However, files can also be conduits of information. The /proc/ directory contains files that represent system and process information. If we want to determine information about the type of CPU that the computer is using, the file cpuinfo in the /proc/ directory can list it. By running the command `cat /proc/cpuinfo’ we can list a wealth of information about our CPU (the following is a subset of that information by the way);

pi@raspberrypi ~ $ cat /proc/cpuinfo
processor       : 0
model name      : ARMv7 Processor rev 5 (v7l)
BogoMIPS        : 57.60
Features        : half thumb fastmult vfp edsp neon vfpv3 tls vfpv4 idiva idivt v\
fpd32 lpae evtstrm
CPU implementer : 0x41
CPU architecture: 7
CPU variant     : 0x0
CPU part        : 0xc07
CPU revision    : 5

Hardware        : BCM2709
Revision        : a01041
Serial          : 000000002a4ea712

Now that might not mean a lot to us at this stage, but if we were writing a program that needed a particular type of CPU in order to run successfully it could check this file to ensure that it could operate successfully. There are a wide range of files in the /proc/ directory that represent a great deal of information about how our system is operating.

Devices

When we use different devices in a Linux operating system these are also represented as a file. In the /dev/ directory we have files that represent a range of physical devices that are part of our computer. In larger computer systems with multiple disks they could be represented as /dev/sda1 and /dev/sda2, so that when we wanted to perform an action such as formatting a drive we would use the command mkfs on the /dev/sda1 file.

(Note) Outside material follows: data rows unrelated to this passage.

lemma strong_edge_within_component:
  assumes "e \<in> E" "e \<notin> weak"
  shows "\<exists>v\<in>V. ends e \<subseteq> component v"
proof -
  let ?S = "{U. ends e \<subseteq> U \<and> U \<subseteq> V}"
  let ?conn = "\<lambda>U. edge_conn ends U (induced_edges ends E U)"
  have "?S \<subseteq> Pow V" by blast
  then have "finite (?conn ` ?S)"
    using finite_V by (simp add: finite_subset)
  moreover have "?conn ` ?S \<noteq> {}"
    using ends_subset_V[OF assms(1)] by blast
  moreover have "\<not> enat k > Sup (?conn ` ?S)"
    using assms unfolding weak_def k_weak_def strength_def by simp
  ultimately have "\<not> (\<forall>c \<in> ?conn ` ?S. enat k > c)"
    using finite_Sup_less_iff[of "?conn ` ?S" "enat k"] by blast
  then obtain U where U: "U \<in> ?S" "\<not> enat k > ?conn U"
    by blast
  then have "k_connected U"
    unfolding k_connected_def not_less by blast
  obtain v where "v \<in> ends e"
    using ends_nonempty[OF assms(1)] by blast
  then show ?thesis
    using k_connected_subset_component[OF \<open>k_connected U\<close>] U(1) by blast
qed

lemma weak_edge_not_within_component:
  assumes "e \<in> weak" "v \<in> V"
  shows "\<not> ends e \<subseteq> component v"
proof
  assume within: "ends e \<subseteq> component v"
  have "enat k \<le> edge_conn ends (component v) (induced_edges ends E (component v))"
    using k_connected_component[OF assms(2)] unfolding k_connected_def by blast
  also have "\<dots> \<le> strength ends V E e"
    unfolding strength_def by (rule SUP_upper) (use within component_subset_V in blast)
  finally show False
    using assms(1) leD unfolding weak_def k_weak_def by blast
qed

lemma cut_component_subset_weak:
  assumes "F \<subseteq> E" "v \<in> V"
  shows "cut ends V F (component v) \<subseteq> weak"
proof
  fix f
  assume f: "f \<in> cut ends V F (component v)"
  show "f \<in> weak"
  proof (rule ccontr)
    assume "f \<notin> weak"
    then obtain w where w: "w \<in> V" "ends f \<subseteq> component w"
      using strong_edge_within_component f assms(1) unfolding cut_def by blast
    obtain x where x: "x \<in> ends f" "x \<in> component v"
      using f unfolding cut_def by blast
    have "component w = component v"
      using component_eq[OF w(1)] component_eq[OF assms(2) x(2)] x(1) w(2) by blast
    then show False
      using f w(2) unfolding cut_def by blast
  qed
qed

definition component_closed :: "'a set \<Rightarrow> bool" where
  "component_closed U \<longleftrightarrow> (\<forall>v\<in>U. component v \<subseteq> U)"

definition components :: "'a set set" where
  "components = component ` V"

definition components_within :: "'a set \<Rightarrow> 'a set set" where
  "components_within U = {C\<in>components. C \<subseteq> U}"

definition weak_within :: "'a set \<Rightarrow> 'e set" where
  "weak_within U = {e\<in>weak. ends e \<subseteq> U}"

lemma finite_components: "finite components"
  unfolding components_def using finite_V by simp

lemma finite_weak_within: "finite (weak_within U)"
  using weak_subset_E unfolding weak_within_def by (blast intro: finite_subset[OF _ finite_E])

lemma component_closed_cut_side:
  assumes "component_closed U" "U \<subseteq> V" "A \<subseteq> U"
    and "card (cut ends U (induced_edges ends E U) A) < k"
  shows "component_closed A"
  unfolding component_closed_def
proof
  fix a
  assume "a \<in> A"
  then have a: "a \<in> V" "component a \<subseteq> U"
    using assms(1-3) unfolding component_closed_def by blast+
  show "component a \<subseteq> A"
  proof (rule ccontr)
    assume "\<not> component a \<subseteq> A"
    moreover have "A \<inter> component a \<noteq> {}"
      using in_component[OF a(1)] \<open>a \<in> A\<close> by blast
    ultimately have "k \<le> card (cut ends U (induced_edges ends E U) A)"
      using k_connected_le_card_cut[OF k_connected_component[OF a(1)] a(2)] by blast
    then show False
      using assms(4) by simp
  qed
qed

lemma card_components_within_split:
  assumes "component_closed A" "component_closed (U - A)" "A \<subseteq> U"
  shows "card (components_within U) =
    card (components_within A) + card (components_within (U - A))"
proof -
  have "components_within U = components_within A \<union> components_within (U - A)"
  proof (intro equalityI subsetI)
    fix C
    assume "C \<in> components_within U"
    then obtain c where c: "c \<in> V" "C = component c" "C \<subseteq> U" "C \<in> components"
      unfolding components_within_def components_def by blast
    then have "c \<in> U"
      using in_component by blast
    then show "C \<in> components_within A \<union> components_within (U - A)"
      using assms(1,2) c unfolding component_closed_def components_within_def by blast
  qed (use assms(3) in \<open>auto simp: components_within_def\<close>)
  moreover have "components_within A \<inter> components_within (U - A) = {}"
    using in_component unfolding components_within_def components_def by blast
  ultimately show ?thesis
    using finite_components by (simp add: card_Un_disjoint components_within_def)
qed

lemma weak_within_split:
  "weak_within U \<subseteq>
    cut ends U (induced_edges ends E U) A \<union> weak_within A \<union> weak_within (U - A)"
  using weak_subset_E unfolding weak_within_def cut_def induced_edges_def by blast

lemma card_weak_within:
  assumes "U \<subseteq> V" "U \<noteq> {}" "component_closed U"
  shows "card (weak_within U) + (k - 1) \<le> (k - 1) * card (components_within U)"
  using assms
proof (induction "card U" arbitrary: U rule: less_induct)
  case less
  obtain u where u: "u \<in> U" "u \<in> V"
    using less.prems(1,2) by blast
  show ?case
  proof (cases "k_connected U")
    case True
    then have "U \<subseteq> component u"
      using k_connected_subset_component u(1) by blast
    then have no_weak: "weak_within U = {}"
      using weak_edge_not_within_component[OF _ u(2)] unfolding weak_within_def by blast
    have "component u \<in> components_within U"
      using less.prems(3) u unfolding component_closed_def components_within_def components_def
      by blast
    moreover have "finite (components_within U)"
      using finite_components unfolding components_within_def by simp
    ultimately have "0 < card (components_within U)"
      using card_gt_0_iff by blast
    with no_weak show ?thesis
      by simp
  next
    case False
    then obtain A where A: "{} \<subset> A" "A \<subset> U" "card (cut ends U (induced_edges ends E U) A) < k"
      using less.prems(1) unfolding k_connected_iff by (meson not_le)
    let ?cut = "cut ends U (induced_edges ends E U) A"
    have closed: "component_closed A" "component_closed (U - A)"
      using component_closed_cut_side[OF less.prems(3,1)] A(2,3)
      by (auto simp: cut_induced_complement)
    have "finite U"
      using less.prems(1) finite_V finite_subset by blast
    have IH: "card (weak_within X) + (k - 1) \<le> (k - 1) * card (components_within X)"
      if "X \<subset> U" "X \<noteq> {}" "component_closed X" for X
    proof (rule less.hyps)
      show "card X < card U"
        using \<open>finite U\<close> that(1) by (rule psubset_card_mono)
      show "X \<subseteq> V"
        using that(1) less.prems(1) by blast
    qed (use that in auto)
    have "card (weak_within U) \<le> card (?cut \<union> weak_within A \<union> weak_within (U - A))"
      by (rule card_mono) (simp_all add: finite_cut finite_weak_within weak_within_split)
    also have "\<dots> \<le> card ?cut + card (weak_within A) + card (weak_within (U - A))"
      using card_Un_le[of "?cut \<union> weak_within A" "weak_within (U - A)"]
        card_Un_le[of ?cut "weak_within A"] by linarith
    finally have "card (weak_within U) \<le> (k - 1) + card (weak_within A) + card (weak_within (U - A))"
      using A(3) by linarith
    moreover have "card (weak_within A) + (k - 1) \<le> (k - 1) * card (components_within A)"
      using IH A(1,2) closed(1) by blast
    moreover have "card (weak_within (U - A)) + (k - 1) \<le> (k - 1) * card (components_within (U - A))"
      using IH[of "U - A"] A(1,2) closed(2) by blast
    moreover have "(k - 1) * card (components_within U) =
        (k - 1) * card (components_within A) + (k - 1) * card (components_within (U - A))"
      using card_components_within_split[OF closed] A(2) by (simp add: add_mult_distrib2)
    ultimately show ?thesis
      by linarith
  qed
qed

definition touched :: "'e set \<Rightarrow> 'a set set" where
  "touched R = {C\<in>components. \<exists>e\<in>R. ends e \<inter> C \<noteq> {}}"

lemma finite_touched: "finite (touched R)"
  using finite_components unfolding touched_def by simp

lemma touched_mono: "R \<subseteq> R' \<Longrightarrow> touched R \<subseteq> touched R'"
  unfolding touched_def by blast

lemma component_in_touched:
  "e \<in> R \<Longrightarrow> R \<subseteq> E \<Longrightarrow> x \<in> ends e \<Longrightarrow> component x \<in> touched R"
  using ends_subset_V in_component unfolding touched_def components_def by blast

lemma component_closed_Union: "M \<subseteq> components \<Longrightarrow> component_closed (\<Union>M)"
  unfolding component_closed_def components_def using component_eq by blast

lemma components_within_Union:
  assumes "M \<subseteq> components"
  shows "components_within (\<Union>M) = M"
proof (intro equalityI subsetI)
  fix C
  assume "C \<in> components_within (\<Union>M)"
  then obtain c where c: "c \<in> V" "C = component c" "C \<subseteq> \<Union>M"
    unfolding components_within_def components_def by blast
  then obtain C' where "C' \<in> M" "c \<in> C'"
    using in_component by blast
  moreover from this have "C' = component c"
    using assms component_eq unfolding components_def by blast
  ultimately show "C \<in> M"
    using c by blast
qed (use assms in \<open>auto simp: components_within_def\<close>)

lemma ends_subset_Union_touched:
  assumes "e \<in> R" "R \<subseteq> E"
  shows "ends e \<subseteq> \<Union>(touched R)"
proof
  fix x
  assume "x \<in> ends e"
  then have "x \<in> component x" "component x \<in> touched R"
    using assms in_component ends_subset_V component_in_touched by blast+
  then show "x \<in> \<Union>(touched R)"
    by blast
qed

lemma card_le_touched:
  assumes "R \<subseteq> weak"
  shows "card R \<le> (k - 1) * card (touched R)"
proof (cases "R = {}")
  case False
  let ?U = "\<Union>(touched R)"
  have "R \<subseteq> E"
    using assms weak_subset_E by blast
  have touched: "touched R \<subseteq> components"
    unfolding touched_def by blast
  have "R \<subseteq> weak_within ?U"
    using assms ends_subset_Union_touched[OF _ \<open>R \<subseteq> E\<close>] unfolding weak_within_def by blast
  then have "card R \<le> card (weak_within ?U)"
    by (rule card_mono[OF finite_weak_within])
  moreover have "?U \<subseteq> V"
    using touched component_subset_V unfolding components_def by blast
  moreover have "?U \<noteq> {}"
    using False ends_subset_Union_touched[OF _ \<open>R \<subseteq> E\<close>] ends_nonempty \<open>R \<subseteq> E\<close> by blast
  ultimately show ?thesis
    using card_weak_within[of ?U] component_closed_Union[OF touched]
      components_within_Union[OF touched] by simp
qed simp

text \<open>Double counting: an edge meets at most as many components as it has ends.\<close>
lemma sum_card_touching_le:
  assumes "R \<subseteq> E" "M \<subseteq> components"
  shows "(\<Sum>C\<in>M. card {e\<in>R. ends e \<inter> C \<noteq> {}}) \<le> hrank ends E * card R"
proof -
  have "finite R" "finite M"
    using assms finite_E finite_components finite_subset by blast+
  then have "(\<Sum>C\<in>M. card {e\<in>R. ends e \<inter> C \<noteq> {}}) = (\<Sum>e\<in>R. card {C\<in>M. ends e \<inter> C \<noteq> {}})"
    using sum.swap_restrict[of M R "\<lambda>_ _. 1::nat" "\<lambda>C e. ends e \<inter> C \<noteq> {}"] by simp
  also have "\<dots> \<le> (\<Sum>e\<in>R. hrank ends E)"
  proof (rule sum_mono)
    fix e
    assume "e \<in> R"
    then have e: "e \<in> E" "finite (ends e)"
      using assms(1) ends_subset_V finite_V finite_subset by blast+
    have "{C\<in>M. ends e \<inter> C \<noteq> {}} \<subseteq> component ` ends e"
      using assms(2) component_eq unfolding components_def by blast
    then have "card {C\<in>M. ends e \<inter> C \<noteq> {}} \<le> card (component ` ends e)"
      using e(2) by (simp add: card_mono)
    also have "\<dots> \<le> card (ends e)"
      using e(2) by (rule card_image_le)
    also have "\<dots> \<le> hrank ends E"
      using e(1) by (rule card_ends_le_hrank)
    finally show "card {C\<in>M. ends e \<inter> C \<noteq> {}} \<le> hrank ends E" .
  qed
  finally show ?thesis
    by (simp add: mult.commute)
qed

end

locale weak_edges_rounds = strong_components ends V E k
  for ends :: "'e \<Rightarrow> 'a set" and V :: "'a set" and E :: "'e set" and k :: nat +
  fixes P :: "'a set \<Rightarrow> 'e set \<Rightarrow> nat \<Rightarrow> 'e set"
  assumes k_pos: "0 < k"
    and partition: "\<And>E' t. E' \<subseteq> E \<Longrightarrow> t_partition ends V E' t (P V E' t)"
begin

definition t :: nat where
  "t = 2 * hrank ends E * k"

definition removed :: "nat \<Rightarrow> 'e set" where
  "removed i = weak_edges_iter P V E t i"

definition surviving :: "nat \<Rightarrow> 'e set" where
  "surviving i = weak - removed i"

definition degree :: "nat \<Rightarrow> 'a set \<Rightarrow> nat" where
  "degree i C = card {e\<in>surviving i. ends e \<inter> C \<noteq> {}}"

lemma removed_Suc: "removed (Suc i) = removed i \<union> P V (E - removed i) t"
  unfolding removed_def by simp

The /dev/ directory also holds some curious files that are used as tools for generating or managing data. For example /dev/random is an interface to the kernels random number device. /dev/zero represents a file that will constantly stream zeros (while this might sound weird, imagine a situation where you want to write over an area of disk with data to erase it). The most well known of these unusual files is probably /dev/null. This will act as a ‘null device’ that will essentially discard any information sent to it.